Ashamed for having wasted my food, I anxiously waited for it to be collected. My eyes quickly became heavy and my head was aching. The flight attendant came by once again to collect my tray. He smiled and asked if I would like some beer or wine. I saw the shiny green beer can glistening next to a dented carton of orange juice. I excitedly told him to toss me a can. As I opened the noisy but seemingly perfect can of Heineken, the elderly Indian couple to my left continued to stare as they slowly sipped on their tomato juice with melting ice cubes. I closed my eyes for a moment and began to remember all of the special people in my life I was leaving behind. With each sip, my heart began to sink and my sorrows suddenly refused to drown. I remembered saying goodbye to my friends where we drank to our hearts’ content and professed our unconditional love for one another. My sinking heart and swimming sorrows overwhelmed me, and in that very moment, I put the can down and contemplated how I would change my life this year.

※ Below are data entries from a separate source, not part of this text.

(* Let \[ A^0_1=\begin{pmatrix}-4&0\\-6&0\end{pmatrix},\ A^0_2=\begin{pmatrix}-2&-15\\-3&-15\end{pmatrix},\ A^0_3=\begin{pmatrix}2&-1\\-3&-5\end{pmatrix},\ A^0_4=\begin{pmatrix}2&8\\0&7\end{pmatrix},\ A^0_5=\begin{pmatrix}0&0\\2&1\end{pmatrix}, \] \[ B^0_1=\begin{pmatrix}138&0\\328&0\end{pmatrix},\ B^0_2=\begin{pmatrix}69&495\\164&-246\end{pmatrix},\ B^0_3=\begin{pmatrix}1685&1781\\1476&1230\end{pmatrix},\ B^0_4=\begin{pmatrix}188&-571\\492&246\end{pmatrix},\ B^0_5=\begin{pmatrix}-378&-189\\-492&-246\end{pmatrix}, \] and $X^0_j=\begin{bmatrix}A^0_j\\ B^0_j\end{bmatrix}\in\mathbb M^{4\times 2}$. Then there is $\epsilon_0>0$ such that for every $\epsilon\in(0,\epsilon_0)$ there exists a smooth convex function $G\colon\mathbb M^{2\times 2}\times\mathbb R\to\mathbb R$ such that the (smooth, strongly polyconvex) function $F_0(A)=\frac{\epsilon}{2}|A|^2+G(A,\det A)$ satisfies $X^0_j\in K_{F_0}$, i.e. $B^0_j=DF_0(A^0_j)J$, for $j=1,\dots,5$.
   Context: $\mathbb M^{m\times n}$ is the space of real $m\times n$ matrices, $|\cdot|$ the Frobenius norm, $J=\begin{pmatrix}0&-1\\1&0\end{pmatrix}$. For $F\colon\mathbb M^{2\times 2}\to\mathbb R$ of class $C^1$, $K_F=\left\{\begin{bmatrix}A\\ DF(A)J\end{bmatrix}: A\in\mathbb M^{2\times 2}\right\}\subset\mathbb M^{4\times 2}$, where $\begin{bmatrix}A\\ B\end{bmatrix}$ denotes the $4\times 2$ matrix with upper $2\times 2$ block $A$ and lower block $B$. *)

theory Defs
  imports "HOL-Analysis.Analysis"
begin

text \<open>2x2 real matrices are rendered as real^2^2 (rows indexed first).
  The Euclidean norm on real^2^2 is the Frobenius norm, and the inner
  product is the Frobenius inner product.\<close>

definition mat2 :: "real \<Rightarrow> real \<Rightarrow> real \<Rightarrow> real \<Rightarrow> real^2^2" where
  "mat2 a b c d = vector [vector [a, b], vector [c, d]]"

definition Jmat :: "real^2^2" where
  "Jmat = mat2 0 (-1) 1 0"

definition DF :: "(real^2^2 \<Rightarrow> real) \<Rightarrow> real^2^2 \<Rightarrow> real^2^2" where
  "DF F A = (THE M. (F has_derivative (\<lambda>H. M \<bullet> H)) (at A))"

definition stack :: "real^2^2 \<Rightarrow> real^2^2 \<Rightarrow> real^2^4" where
  "stack A B = (\<chi> i. if i = 1 then A$1 else if i = 2 then A$2
                     else if i = 3 then B$1 else B$2)"

definition KF :: "(real^2^2 \<Rightarrow> real) \<Rightarrow> (real^2^4) set" where
  "KF F = {stack A (DF F A ** Jmat) | A. True}"

fun iter_dderiv :: "('a::real_normed_vector \<Rightarrow> real) \<Rightarrow> 'a list \<Rightarrow> ('a \<Rightarrow> real)" where
  "iter_dderiv f [] = f"
| "iter_dderiv f (v # vs) = iter_dderiv (\<lambda>x. frechet_derivative f (at x) v) vs"

definition smooth :: "('a::euclidean_space \<Rightarrow> real) \<Rightarrow> bool" where
  "smooth f \<longleftrightarrow> (\<forall>vs x. iter_dderiv f vs differentiable (at x))"

definition A0 :: "nat \<Rightarrow> real^2^2" where
  "A0 j = (if j = 1 then mat2 (-4) 0 (-6) 0
      else if j = 2 then mat2 (-2) (-15) (-3) (-15)
      else if j = 3 then mat2 2 (-1) (-3) (-5)
      else if j = 4 then mat2 2 8 0 7
      else mat2 0 0 2 1)"

definition B0 :: "nat \<Rightarrow> real^2^2" where
  "B0 j = (if j = 1 then mat2 138 0 328 0
      else if j = 2 then mat2 69 495 164 (-246)
      else if j = 3 then mat2 1685 1781 1476 1230
      else if j = 4 then mat2 188 (-571) 492 246
      else mat2 (-378) (-189) (-492) (-246))"

definition X0 :: "nat \<Rightarrow> real^2^4" where
  "X0 j = stack (A0 j) (B0 j)"

end

theory Submission
  imports Defs "HOL-Computational_Algebra.Polynomial"
begin

text \<open>
  Take \<open>G\<close> to be \<open>(\<epsilon>\<^sub>0 - \<epsilon>)/2 |A|\<^sup>2\<close> plus an affine function of \<open>(A, d)\<close> plus five ridges
  \<open>c h(\<langle>W\<^sub>j, (A, d)\<rangle> - t\<^sub>j)\<close>, where \<open>h(u) = u e\<^sup>-\<^sup>1\<^sup>/\<^sup>u\<close> for \<open>u > 0\<close> and \<open>h(u) = 0\<close> otherwise.
  Then \<open>h\<close> is smooth and convex, so \<open>G\<close> is smooth and convex for \<open>\<epsilon> \<le> \<epsilon>\<^sub>0\<close>, and
  \<open>DF\<^sub>0(A) = \<epsilon>\<^sub>0 A + D\<^sub>AG + \<partial>\<^sub>dG cof A\<close> does not depend on \<open>\<epsilon>\<close>. The ridges are placed so that
  at \<open>(A\<^sup>0\<^sub>i, det A\<^sup>0\<^sub>i)\<close> only the \<open>i\<close>-th one is active, with argument \<open>1\<close> and slope normalised
  to \<open>1\<close>, while the others vanish to first order. Hence \<open>DF\<^sub>0(A\<^sup>0\<^sub>i) J = B\<^sup>0\<^sub>i\<close> reduces to an
  identity between explicit \<open>2\<times>2\<close> matrices.
\<close>

section \<open>The smooth convex ramp\<close>

text \<open>For \<open>u > 0\<close> the derivative of \<open>p(1/u) e\<^sup>-\<^sup>1\<^sup>/\<^sup>u\<close> is \<open>q(1/u) e\<^sup>-\<^sup>1\<^sup>/\<^sup>u\<close> with
  \<open>q = x\<^sup>2 (p - p')\<close>, so \<^term>\<open>ramp_deriv n\<close> is the \<open>n\<close>-th derivative of \<^term>\<open>ramp_deriv 0\<close>.\<close>

fun ramp_poly :: "nat \<Rightarrow> real poly" where
  "ramp_poly 0 = [:1, 1:]"
| "ramp_poly (Suc n) = [:0, 0, 1:] * (ramp_poly n - pderiv (ramp_poly n))"

fun ramp_deriv :: "nat \<Rightarrow> real \<Rightarrow> real" where
  "ramp_deriv 0 u = (if u \<le> 0 then 0 else u * exp (-1/u))"
| "ramp_deriv (Suc n) u = (if u \<le> 0 then 0 else poly (ramp_poly n) (1/u) * exp (-1/u))"

declare ramp_deriv.simps [simp del]

lemma ramp_deriv_nonpos: "u \<le> 0 \<Longrightarrow> ramp_deriv n u = 0"
  by (cases n) (simp_all add: ramp_deriv.simps)

lemma tendsto_poly_mult_exp_neg_at_top:
  "((\<lambda>w. poly p w * exp (-w)) \<longlongrightarrow> (0::real)) at_top"
proof -
  have "((\<lambda>w. \<Sum>i\<le>degree p. coeff p i * (w ^ i / exp w)) \<longlongrightarrow> (\<Sum>i\<le>degree p. coeff p i * 0)) at_top"
    by (intro tendsto_sum tendsto_mult tendsto_const tendsto_power_div_exp_0)
  moreover have "poly p w * exp (-w) = (\<Sum>i\<le>degree p. coeff p i * (w ^ i / exp w))" for w
    by (simp add: poly_altdef exp_minus sum_distrib_right divide_inverse mult.assoc)
  ultimately show ?thesis
    by simp
qed

lemma tendsto_poly_inverse_mult_exp_at_right_0:
  "((\<lambda>u. poly p (1/u) * exp (-1/u)) \<longlongrightarrow> (0::real)) (at_right 0)"
  using filterlim_compose[OF tendsto_poly_mult_exp_neg_at_top filterlim_inverse_at_top_right]
  by (simp add: inverse_eq_divide)

lemma ramp_deriv_has_real_derivative_pos:
  assumes "u > 0"
  shows "(ramp_deriv n has_real_derivative ramp_deriv (Suc n) u) (at u)"
proof -
  have "(ramp_deriv n has_real_derivative poly (ramp_poly n) (1/u) * exp (-1/u)) (at u)"
  proof (cases n)
    case 0
    have "((\<lambda>u. u * exp (-1/u)) has_real_derivative poly (ramp_poly 0) (1/u) * exp (-1/u)) (at u)"
      using assms by (auto intro!: derivative_eq_intros simp: field_simps power2_eq_square)
    then show ?thesis
      unfolding 0
      by (rule has_field_derivative_transform_within_open[where S="{0<..}"])
         (use assms in \<open>auto simp: ramp_deriv.simps\<close>)
  next
    case (Suc m)
    have "((\<lambda>u. poly (ramp_poly m) (1/u) * exp (-1/u)) has_real_derivative
        poly (ramp_poly n) (1/u) * exp (-1/u)) (at u)"
      using assms Suc by (auto intro!: derivative_eq_intros simp: field_simps power2_eq_square)
    then show ?thesis
      unfolding Suc
      by (rule has_field_derivative_transform_within_open[where S="{0<..}"])
         (use assms in \<open>auto simp: ramp_deriv.simps\<close>)
  qed
  then show ?thesis
    using assms by (simp add: ramp_deriv.simps)
qed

The teacher in me decided to reach for a pen and paper to record some possible long-term personal goals. The Indian couple, though finished with their juice, continued to watch me.  Their gaze shifted back and forth between me and the Heineken as if they were searching for my thoughts. I glanced at the blank piece of paper and began to write. I jotted down some of my project goals for the year until I realized that I still hadn’t thought about my personal hopes and dreams. Then, I suddenly knew exactly what to write. I would change three of my habits in an effort to become a healthier and happier person:

  1. become a vegetarian
  2. give up all alcohol for the 10-month duration of the fellowship
  3. No cigarettes

I felt liberated and pulled my blanket up to my ears and rested my head. For the first time, I was able to sleep peacefully on a long flight and did not wake up until we reached New Delhi. This was the start of a new chapter, a healthier and happier chapter of my life. Stay tuned…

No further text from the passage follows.